WNT signaling is frequent in young stem cells but decreases as we age. When WNT is over-active, it causes cancer.
Telomeres + Telomerase + WNT = A Ripe Old Age
Jill Helms says that WNT is the protein that also regulates telemetry (meaning the interaction between the telomeres and telomerase). WNT activates stem cells, and understanding how this mechanism works on the molecular level is the key to understanding tissue regeneration. Because WNT is a recombinant protein (meaning its DNA can replicate itself), WNT can be delivered outside the body.
Are you with me here? I thought not. Let’s back away from the jargon and look at the potential.
The folks at Stanford think that it might be possible to add WNT to specific sites in an older person: a stroke-damaged brain or broken bones, for instance. Let WNT activate the damaged stem cells. Regrow grandma’s hip socket. Helms pointed out that this also has the potential to mend bones that are now held together with screws and titanium plates.
On the surface, this sounded to me like a perfect thing to regenerate motor neurons, but Helms said that MND (motor neuron disease) is in a “nonspecific area.” WNT would only work for a specific area, and that’s because of its powerful stem-cell activation capabilities. (Motor Neuron Disease is the same thing as ALS, or Lou Gehrig’s disease.)

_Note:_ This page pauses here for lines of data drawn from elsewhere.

(* Let $X=\{X_k\}_{k\in\mathbb Z}$ be a positive strictly stationary time series satisfying Condition 1, and let $m\in\mathbb N$ be fixed. Then for every fixed $k\in\mathbb N$, $D(j,k)/\widetilde D(j,k)\xrightarrow{P}1$ as $j\to\infty$.
   Context: Setup: $\mathbb P\{X_k>x\}\sim c_Xx^{-\alpha}$ as $x\to\infty$, $\alpha>0$, $c_X>0$; $M_n:=\max_{1\le k\le n}X_k$ and $\mathbb P\{M_n\le n^{1/\alpha}x\}=\exp\{-c(n,x)x^{-\alpha}\}$, $x>0$, defines $c(n,x)>0$. Condition 1: there exist $\beta>0$, $R\in\mathbb R$, $\theta\in(0,1]$ and $c_1:(0,\infty)\to[0,\infty)$ with $c_1(x)=\mathcal O(x^{-R})$ as $x\downarrow0$, such that $|c(n,x)-\theta c_X|\le c_1(x)n^{-\beta}$ for all $x>0$ and all $n$. Block maxima: for $2^j>m$, $D(j,k):=\max_{1\le i\le 2^j}X_{2^j(k-1)+i}$ and $\widetilde D(j,k):=\max_{1\le i\le 2^j-m}X_{2^j(k-1)+i}$. *)

theory Defs
  imports "HOL-Probability.Probability" "HOL-Library.Landau_Symbols"
begin

definition strictly_stationary :: "'a measure \<Rightarrow> (int \<Rightarrow> 'a \<Rightarrow> real) \<Rightarrow> bool" where
  "strictly_stationary M X \<longleftrightarrow>
     (\<forall>I h. finite I \<longrightarrow>
        distr M (Pi\<^sub>M I (\<lambda>_. borel)) (\<lambda>\<omega>. \<lambda>t\<in>I. X (t + h) \<omega>)
      = distr M (Pi\<^sub>M I (\<lambda>_. borel)) (\<lambda>\<omega>. \<lambda>t\<in>I. X t \<omega>))"

definition run_max :: "(int \<Rightarrow> 'a \<Rightarrow> real) \<Rightarrow> nat \<Rightarrow> 'a \<Rightarrow> real" where
  "run_max X n \<omega> = Max ((\<lambda>k. X k \<omega>) ` {1..int n})"

text \<open>c(n,x), defined by P{M_n <= n^(1/alpha) x} = exp(-c(n,x) x^(-alpha)).\<close>
definition cfun :: "'a measure \<Rightarrow> (int \<Rightarrow> 'a \<Rightarrow> real) \<Rightarrow> real \<Rightarrow> nat \<Rightarrow> real \<Rightarrow> real" where
  "cfun M X \<alpha> n x =
     - ln (measure M {\<omega> \<in> space M. run_max X n \<omega> \<le> real n powr (1 / \<alpha>) * x}) * x powr \<alpha>"

definition condition1 :: "'a measure \<Rightarrow> (int \<Rightarrow> 'a \<Rightarrow> real) \<Rightarrow> real \<Rightarrow> real \<Rightarrow> bool" where
  "condition1 M X \<alpha> cX \<longleftrightarrow>
     (\<exists>\<beta> R \<theta> (c1 :: real \<Rightarrow> real).
        \<beta> > 0 \<and> 0 < \<theta> \<and> \<theta> \<le> 1 \<and>
        (\<forall>x>0. c1 x \<ge> 0) \<and>
        c1 \<in> O[at_right 0](\<lambda>x. x powr (- R)) \<and>
        (\<forall>n\<ge>1. \<forall>x>0. \<bar>cfun M X \<alpha> n x - \<theta> * cX\<bar> \<le> c1 x * real n powr (- \<beta>)))"

definition blockD :: "(int \<Rightarrow> 'a \<Rightarrow> real) \<Rightarrow> nat \<Rightarrow> nat \<Rightarrow> 'a \<Rightarrow> real" where
  "blockD X j k \<omega> = Max ((\<lambda>i. X (2 ^ j * (int k - 1) + i) \<omega>) ` {1..2 ^ j})"

definition blockDt :: "(int \<Rightarrow> 'a \<Rightarrow> real) \<Rightarrow> nat \<Rightarrow> nat \<Rightarrow> nat \<Rightarrow> 'a \<Rightarrow> real" where
  "blockDt X m j k \<omega> = Max ((\<lambda>i. X (2 ^ j * (int k - 1) + i) \<omega>) ` {1..2 ^ j - int m})"

end

theory Submission
  imports Defs "HOL-Real_Asymp.Real_Asymp"
begin

(* Fix epsilon > 0 and put N = 2^j - m, so that the block {1..2^j} (shifted by
   h = 2^j (k - 1)) splits into its first N indices and a tail of m indices.
   Whatever level c is chosen, if some observation among the first N exceeds c
   while none of the last m does, then D(j,k) = tilde D(j,k) and the ratio is 1.
   Hence the deviation event is contained in the union of
     {all of the first N observations are <= c}  and  {X_i > c} for the m tail indices,
   and by stationarity its probability is at most P{M_N <= c} + m P{X_0 > c}.
   With c = N^(1/alpha) y, Condition 1 bounds the first term by exp(-a y^(-alpha))
   for a = theta cX / 2, which is small for small y, while the second term tends to 0
   because the tail P{X_0 > x} ~ cX x^(-alpha) vanishes.  Since N -> infinity as
   j -> infinity, the deviation probability tends to 0. *)

lemma stationary_event_shift:
  fixes X :: "int \<Rightarrow> 'a \<Rightarrow> real"
  assumes stat: "strictly_stationary M X" and meas: "\<And>t. X t \<in> borel_measurable M"
    and fin: "finite I" and P: "Measurable.pred (Pi\<^sub>M I (\<lambda>_. borel)) P"
  shows "measure M {\<omega>\<in>space M. P (\<lambda>t\<in>I. X (t + h) \<omega>)} = measure M {\<omega>\<in>space M. P (\<lambda>t\<in>I. X t \<omega>)}"
proof -
  let ?N = "Pi\<^sub>M I (\<lambda>_. borel :: real measure)"
  let ?S = "{g\<in>space ?N. P g}"
  have S: "?S \<in> sets ?N"
    using P unfolding pred_def .
  have event: "(\<lambda>\<omega>. \<lambda>t\<in>I. X (t + s) \<omega>) -` ?S \<inter> space M = {\<omega>\<in>space M. P (\<lambda>t\<in>I. X (t + s) \<omega>)}"
    and vec: "(\<lambda>\<omega>. \<lambda>t\<in>I. X (t + s) \<omega>) \<in> M \<rightarrow>\<^sub>M ?N" for s
  proof -
    show vec: "(\<lambda>\<omega>. \<lambda>t\<in>I. X (t + s) \<omega>) \<in> M \<rightarrow>\<^sub>M ?N"
      using meas by (intro measurable_restrict) auto
    show "(\<lambda>\<omega>. \<lambda>t\<in>I. X (t + s) \<omega>) -` ?S \<inter> space M = {\<omega>\<in>space M. P (\<lambda>t\<in>I. X (t + s) \<omega>)}"
      using measurable_space[OF vec] by auto
  qed
  have "measure M {\<omega>\<in>space M. P (\<lambda>t\<in>I. X (t + h) \<omega>)}
      = measure (distr M ?N (\<lambda>\<omega>. \<lambda>t\<in>I. X (t + h) \<omega>)) ?S"
    by (simp only: measure_distr[OF vec S] event)
  also have "\<dots> = measure (distr M ?N (\<lambda>\<omega>. \<lambda>t\<in>I. X (t + 0) \<omega>)) ?S"
    using stat fin unfolding strictly_stationary_def by simp
  also have "\<dots> = measure M {\<omega>\<in>space M. P (\<lambda>t\<in>I. X t \<omega>)}"
    using measure_distr[OF vec S, of 0] event[of 0] by simp
  finally show ?thesis .
qed

lemma stationary_window_max:
  fixes X :: "int \<Rightarrow> 'a \<Rightarrow> real"
  assumes stat: "strictly_stationary M X" and meas: "\<And>t. X t \<in> borel_measurable M"
    and N: "N \<ge> 1"
  shows "measure M {\<omega>\<in>space M. \<forall>i\<in>{1..int N}. X (h + i) \<omega> \<le> c}
       = measure M {\<omega>\<in>space M. run_max X N \<omega> \<le> c}"
proof -
  have below: "Measurable.pred (Pi\<^sub>M {1..int N} (\<lambda>_. borel)) (\<lambda>g. \<forall>t\<in>{1..int N}. g t \<le> c)"
    unfolding pred_def by (intro sets.sets_Collect_finite_All) (auto simp: borel_measurable_iff_le[symmetric])
  have "measure M {\<omega>\<in>space M. \<forall>i\<in>{1..int N}. X (h + i) \<omega> \<le> c}
      = measure M {\<omega>\<in>space M. \<forall>i\<in>{1..int N}. X i \<omega> \<le> c}"
    using stationary_event_shift[OF stat meas _ below, of h] by (simp add: add.commute)
  also have "\<dots> = measure M {\<omega>\<in>space M. run_max X N \<omega> \<le> c}"
    using N unfolding run_max_def by (simp add: Max_le_iff)
  finally show ?thesis .
qed

lemma stationary_marginal_tail:
  fixes X :: "int \<Rightarrow> 'a \<Rightarrow> real"
  assumes stat: "strictly_stationary M X" and meas: "\<And>t. X t \<in> borel_measurable M"
  shows "measure M {\<omega>\<in>space M. X t \<omega> > c} = measure M {\<omega>\<in>space M. X 0 \<omega> > c}"
proof -
  have above: "Measurable.pred (Pi\<^sub>M {0::int} (\<lambda>_. borel)) (\<lambda>g. c < g 0)"
    unfolding pred_def borel_measurable_iff_greater[symmetric] by simp
  show ?thesis
    using stationary_event_shift[OF stat meas _ above, of t] by simp
qed

lemma Max_prefix_if_tail_below:
  fixes f :: "int \<Rightarrow> real"
  assumes "1 \<le> n" "n \<le> l"
    and exceed: "\<exists>i\<in>{1..n}. f i > c" and tail_below: "\<forall>i\<in>{n<..l}. f i \<le> c"
  shows "Max (f ` {1..l}) = Max (f ` {1..n})"
proof (rule antisym)
  obtain i0 where i0: "i0 \<in> {1..n}" "f i0 > c"
    using exceed by blast
  have "c < Max (f ` {1..n})"
    using i0 by (meson Max_ge finite_atLeastAtMost finite_imageI image_eqI less_le_trans)
  then have "f i \<le> Max (f ` {1..n})" if "i \<in> {1..l}" for i
  proof (cases "i \<le> n")
    case True
    then show ?thesis using that by (intro Max_ge) auto
  next
    case False
    then have "f i \<le> c" using that tail_below by auto
    then show ?thesis using \<open>c < Max (f ` {1..n})\<close> by linarith
  qed
  then show "Max (f ` {1..l}) \<le> Max (f ` {1..n})"
    using assms(1,2) by (subst Max_le_iff) auto
  show "Max (f ` {1..n}) \<le> Max (f ` {1..l})"
    using assms(1,2) by (intro Max_mono) auto
qed

lemma blockD_eq_blockDt:
  fixes X :: "int \<Rightarrow> 'a \<Rightarrow> real"
  assumes len: "int N + int m = 2 ^ j" "N \<ge> 1"
    and exceed: "\<exists>i\<in>{1..int N}. X (2 ^ j * (int k - 1) + i) \<omega> > c"
    and tail_below: "\<forall>i\<in>{int N<..2 ^ j}. X (2 ^ j * (int k - 1) + i) \<omega> \<le> c"
  shows "blockD X j k \<omega> = blockDt X m j k \<omega>"
proof -
  have "2 ^ j - int m = int N" "1 \<le> int N" "int N \<le> 2 ^ j"
    using len by linarith+
  then show ?thesis
    unfolding blockD_def blockDt_def
    using Max_prefix_if_tail_below[OF _ _ exceed tail_below] by (simp only:)
qed

lemma block_ratio_deviation_forces_level:
  fixes X :: "int \<Rightarrow> 'a \<Rightarrow> real"
  assumes pos: "\<And>t. X t \<omega> > 0"
    and len: "int N + int m = 2 ^ j" "N \<ge> 1" and \<epsilon>: "\<epsilon> \<ge> 0"
    and deviates: "\<bar>blockD X j k \<omega> / blockDt X m j k \<omega> - 1\<bar> > \<epsilon>"
  shows "(\<forall>i\<in>{1..int N}. X (2 ^ j * (int k - 1) + i) \<omega> \<le> c)
       \<or> (\<exists>i\<in>{int N<..2 ^ j}. X (2 ^ j * (int k - 1) + i) \<omega> > c)"
proof (rule ccontr)
  assume "\<not> ?thesis"
  then have same: "blockD X j k \<omega> = blockDt X m j k \<omega>"
    by (intro blockD_eq_blockDt[OF len]) (auto simp: not_le)
  have "X (2 ^ j * (int k - 1) + 1) \<omega> \<le> blockDt X m j k \<omega>"
    unfolding blockDt_def using len by (intro Max_ge) auto
  then have "blockDt X m j k \<omega> > 0"
    using pos[of "2 ^ j * (int k - 1) + 1"] by linarith
  then show False
    using same deviates \<epsilon> by simp
qed

lemma block_ratio_deviation_bound:
  fixes X :: "int \<Rightarrow> 'a \<Rightarrow> real"
  assumes "prob_space M" and meas: "\<And>t. X t \<in> borel_measurable M"
    and pos: "\<And>t \<omega>. \<omega> \<in> space M \<Longrightarrow> X t \<omega> > 0"
    and stat: "strictly_stationary M X"
    and len: "int N + int m = 2 ^ j" "N \<ge> 1" and \<epsilon>: "\<epsilon> \<ge> 0"
  shows "measure M {\<omega>\<in>space M. \<bar>blockD X j k \<omega> / blockDt X m j k \<omega> - 1\<bar> > \<epsilon>}
       \<le> measure M {\<omega>\<in>space M. run_max X N \<omega> \<le> c} + real m * measure M {\<omega>\<in>space M. X 0 \<omega> > c}"
proof -
  interpret prob_space M by fact
  define h where "h = 2 ^ j * (int k - 1)"
  define E where "E = {\<omega>\<in>space M. \<bar>blockD X j k \<omega> / blockDt X m j k \<omega> - 1\<bar> > \<epsilon>}"
  define A where "A = {\<omega>\<in>space M. \<forall>i\<in>{1..int N}. X (h + i) \<omega> \<le> c}"
  define B where "B i = {\<omega>\<in>space M. X (h + i) \<omega> > c}" for i
  have A_event: "A \<in> events"
    unfolding A_def using meas
    by (intro sets.sets_Collect_finite_All) (auto simp: borel_measurable_iff_le[symmetric])
  have B_event: "B i \<in> events" for i
    unfolding B_def using meas by (simp add: borel_measurable_iff_greater[symmetric])
  have "E \<subseteq> A \<union> (\<Union>i\<in>{int N<..2 ^ j}. B i)"
  proof
    fix \<omega> assume "\<omega> \<in> E"
    then show "\<omega> \<in> A \<union> (\<Union>i\<in>{int N<..2 ^ j}. B i)"
      using block_ratio_deviation_forces_level[of X \<omega> N m j \<epsilon> k c] pos len \<epsilon>
      unfolding E_def A_def B_def h_def by auto
  qed
  then have "measure M E \<le> measure M A + measure M (\<Union>i\<in>{int N<..2 ^ j}. B i)"
    using A_event B_event by (intro order.trans[OF finite_measure_mono measure_Un_le]) auto
  also have "measure M (\<Union>i\<in>{int N<..2 ^ j}. B i) \<le> (\<Sum>i\<in>{int N<..2 ^ j}. measure M (B i))"
    using B_event by (intro finite_measure_subadditive_finite) auto
  also have "\<dots> = (\<Sum>i\<in>{int N<..2 ^ j}. measure M {\<omega>\<in>space M. X 0 \<omega> > c})"
    unfolding B_def by (intro sum.cong refl stationary_marginal_tail[OF stat meas])
  also have "\<dots> = real m * measure M {\<omega>\<in>space M. X 0 \<omega> > c}"
    using len(1) by (simp add: eq_diff_eq[symmetric])
  also have "measure M A = measure M {\<omega>\<in>space M. run_max X N \<omega> \<le> c}"
    unfolding A_def by (rule stationary_window_max[OF stat meas len(2)])
  finally show ?thesis
    unfolding E_def by simp
qed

Folks at Stanford have had a great deal of success regenerating bone. They harvest the bone marrow from a damaged site, and they put that in a Petri dish and add WNT. Then they return the marrow to site where they want the bone to regenerate. It makes a lot more bone, and the bone is the right shape for where it’s located. A hip socket, for instance, regenerates into a proper hip socket.
Among the groups working in California is the California Center for Regenerative Medicine, ANKASA—a company formed to bring these discoveries to humans. Right now they are only focusing their research on diseases that have no cure. Drug companies typically need 20 months to do the safety and efficacy tests necessary for FDA approval, but ANKASA is trying to fast-track the results of their research so that it will benefit those who need it now.
If you’re interested in learning more about the details of this research, here’s a link to the University of Utah’s Health Sciences Center. It will give you some insight into the discoveries that continue to unfold. But, don’t rush out and buy the telomerase-enhancing supplements sold on YouTube. Stomach acid will destroy the enzyme before it can be absorbed into your circulatory system and delivered to the telomeres on the tips of your DNA.
So what do you think? Would you like to have your hip socket grow back instead of having a hip replacement? What if this led to a cure for cancer?